The myth of the strong leader

By George Eaton

In April 2016, after Boris Johnson referred to Barack Obama as a “part-Kenyan president” with an “ancestral dislike of the British empire”, one of the US president’s aides remarked: “They’re more subtle back home.” Obama replied: “Not really. Boris is their Trump.” This observation – made before either man had been elected – now appears a prescient distillation of a strange new era of Anglo-American politics.

At the height of liberal globalisation it was thought that presidents and prime ministers might be reduced to mere technocrats, committed solely to the efficient functioning of the free market. Politics would no longer produce what Hegel called “world-historical figures”. But Trump and Johnson – to say nothing of Vladimir Putin, Xi Jinping and Narendra Modi – have defied such prophecies.

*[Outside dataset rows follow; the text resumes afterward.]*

text \<open>Price every nonempty agent bundle at its owner's value and the unallocated bundle at 0.
  Phase 1 allocates the small demand sets greedily, so every small agent's set meets a phase-1
  winner of at least its value. Phase 2 lets an agent take over the bundles meeting its set only
  when it outbids their owners together, so the price of the bundles meeting any set of items never
  decreases. At the end every agent would therefore pay at least its value for any collection of
  bundles covering its demand set, which is the equilibrium condition, and the welfare equals the
  total price Z. In an arbitrary allocation each phase-1 winner w meets at most |S_w| \<le> \<surd>m of
  the disjoint small winning sets, so small agents contribute at most \<surd>m Z, and at most \<surd>m large
  sets fit disjointly into M, each worth at most Z. The algorithm only needs the queries
  v_i(M) and v_i(M - {a}), which determine S_i and v_i because v_i > 0.\<close>

abbreviation valid_bids :: "'a set \<Rightarrow> nat \<Rightarrow> (nat \<Rightarrow> 'a set) \<Rightarrow> (nat \<Rightarrow> real) \<Rightarrow> bool" where
  "valid_bids M n S v \<equiv> \<forall>i\<in>{1..n}. S i \<noteq> {} \<and> S i \<subseteq> M \<and> v i > 0"

lemma phase1_snoc:
  "phase1 S x (l @ [i]) = (let y = phase1 S x l in if S i \<inter> (\<Union>j. y j) = {} then y(i := S i) else y)"
  by (induction l arbitrary: x) (simp_all add: Let_def)

definition greedy_invariant :: "(nat \<Rightarrow> 'a set) \<Rightarrow> (nat \<Rightarrow> real) \<Rightarrow> nat list \<Rightarrow> (nat \<Rightarrow> 'a set) \<Rightarrow> bool" where
  "greedy_invariant S v l y \<longleftrightarrow>
     (\<forall>j. y j \<noteq> {} \<longrightarrow> j \<in> set l \<and> y j = S j) \<and>
     (\<forall>j k. j \<noteq> k \<longrightarrow> y j \<inter> y k = {}) \<and>
     (\<forall>i\<in>set l. \<exists>w. y w \<noteq> {} \<and> S w \<inter> S i \<noteq> {} \<and> v i \<le> v w)"

lemma greedy_invariant_assign:
  assumes inv: "greedy_invariant S v l y" and free: "S i \<inter> (\<Union>j. y j) = {}"
    and "i \<notin> set l" "S i \<noteq> {}"
  shows "greedy_invariant S v (l @ [i]) (y(i := S i))"
proof -
  have yi: "y i = {}" using inv assms(3) by (auto simp: greedy_invariant_def)
  have "\<forall>j. (y(i := S i)) j \<noteq> {} \<longrightarrow> j \<in> set (l @ [i]) \<and> (y(i := S i)) j = S j"
    using inv by (auto simp: greedy_invariant_def)
  moreover have "\<forall>j k. j \<noteq> k \<longrightarrow> (y(i := S i)) j \<inter> (y(i := S i)) k = {}"
    using inv free by (auto simp: greedy_invariant_def)
  moreover have "\<exists>w. (y(i := S i)) w \<noteq> {} \<and> S w \<inter> S i' \<noteq> {} \<and> v i' \<le> v w"
    if i': "i' \<in> set (l @ [i])" for i'
  proof (cases "i' = i")
    case True
    then show ?thesis using assms(4) by (intro exI[of _ i]) auto
  next
    case False
    then have "i' \<in> set l" using i' by simp
    then obtain w where "y w \<noteq> {}" "S w \<inter> S i' \<noteq> {}" "v i' \<le> v w"
      using inv unfolding greedy_invariant_def by blast
    then show ?thesis using yi by (intro exI[of _ w]) auto
  qed
  ultimately show ?thesis unfolding greedy_invariant_def by blast
qed

lemma greedy_invariant_skip:
  fixes v :: "nat \<Rightarrow> real"
  assumes inv: "greedy_invariant S v l y" and blocked: "S i \<inter> (\<Union>j. y j) \<noteq> {}"
    and below: "\<forall>j\<in>set l. v i \<le> v j"
  shows "greedy_invariant S v (l @ [i]) y"
proof -
  obtain w where w: "S i \<inter> y w \<noteq> {}" using blocked by blast
  then have "w \<in> set l" "y w = S w" using inv by (auto simp: greedy_invariant_def)
  then have "\<exists>w. y w \<noteq> {} \<and> S w \<inter> S i \<noteq> {} \<and> v i \<le> v w"
    using w below by (intro exI[of _ w]) auto
  then show ?thesis using inv by (auto simp: greedy_invariant_def)
qed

In Where Power Stops, David Runciman, professor of politics at Cambridge University and host of the Talking Politics podcast, examines “the making and unmaking of presidents and prime ministers”. The review-essays, first published in the London Review of Books, are connected by a thesis imposed retrospectively on them: politicians’ characters are set in advance and shape their destiny – only the circumstances in which they find themselves change.

Runciman’s emblematic case is that of Lyndon Johnson. He contests the narrative espoused by Robert Caro, Johnson’s revered biographer, who argues that the 1964 passage of the Civil Rights Act demonstrated the US president’s essential compassion and morality. Power, Caro writes, doesn’t necessarily corrupt but “it always reveals”. Runciman, by contrast, contends that “the presidency didn’t show us some essential truths about Johnson… Johnson shows us some essential truths about the presidency”.

He writes: “[Johnson] was the same unscrupulous, driven, opportunistic, cruel, avaricious, sentimental, domineering, capacious, compelling, faintly monstrous figure he had always been.” The Civil Rights Act was less a deed of compassion than a means for Johnson of surpassing the martyred John F Kennedy, marginalising his rivals and defining his presidency. “Compassion wasn’t the purpose of power for Johnson. In these circumstances compassion was power, a means and not an end.”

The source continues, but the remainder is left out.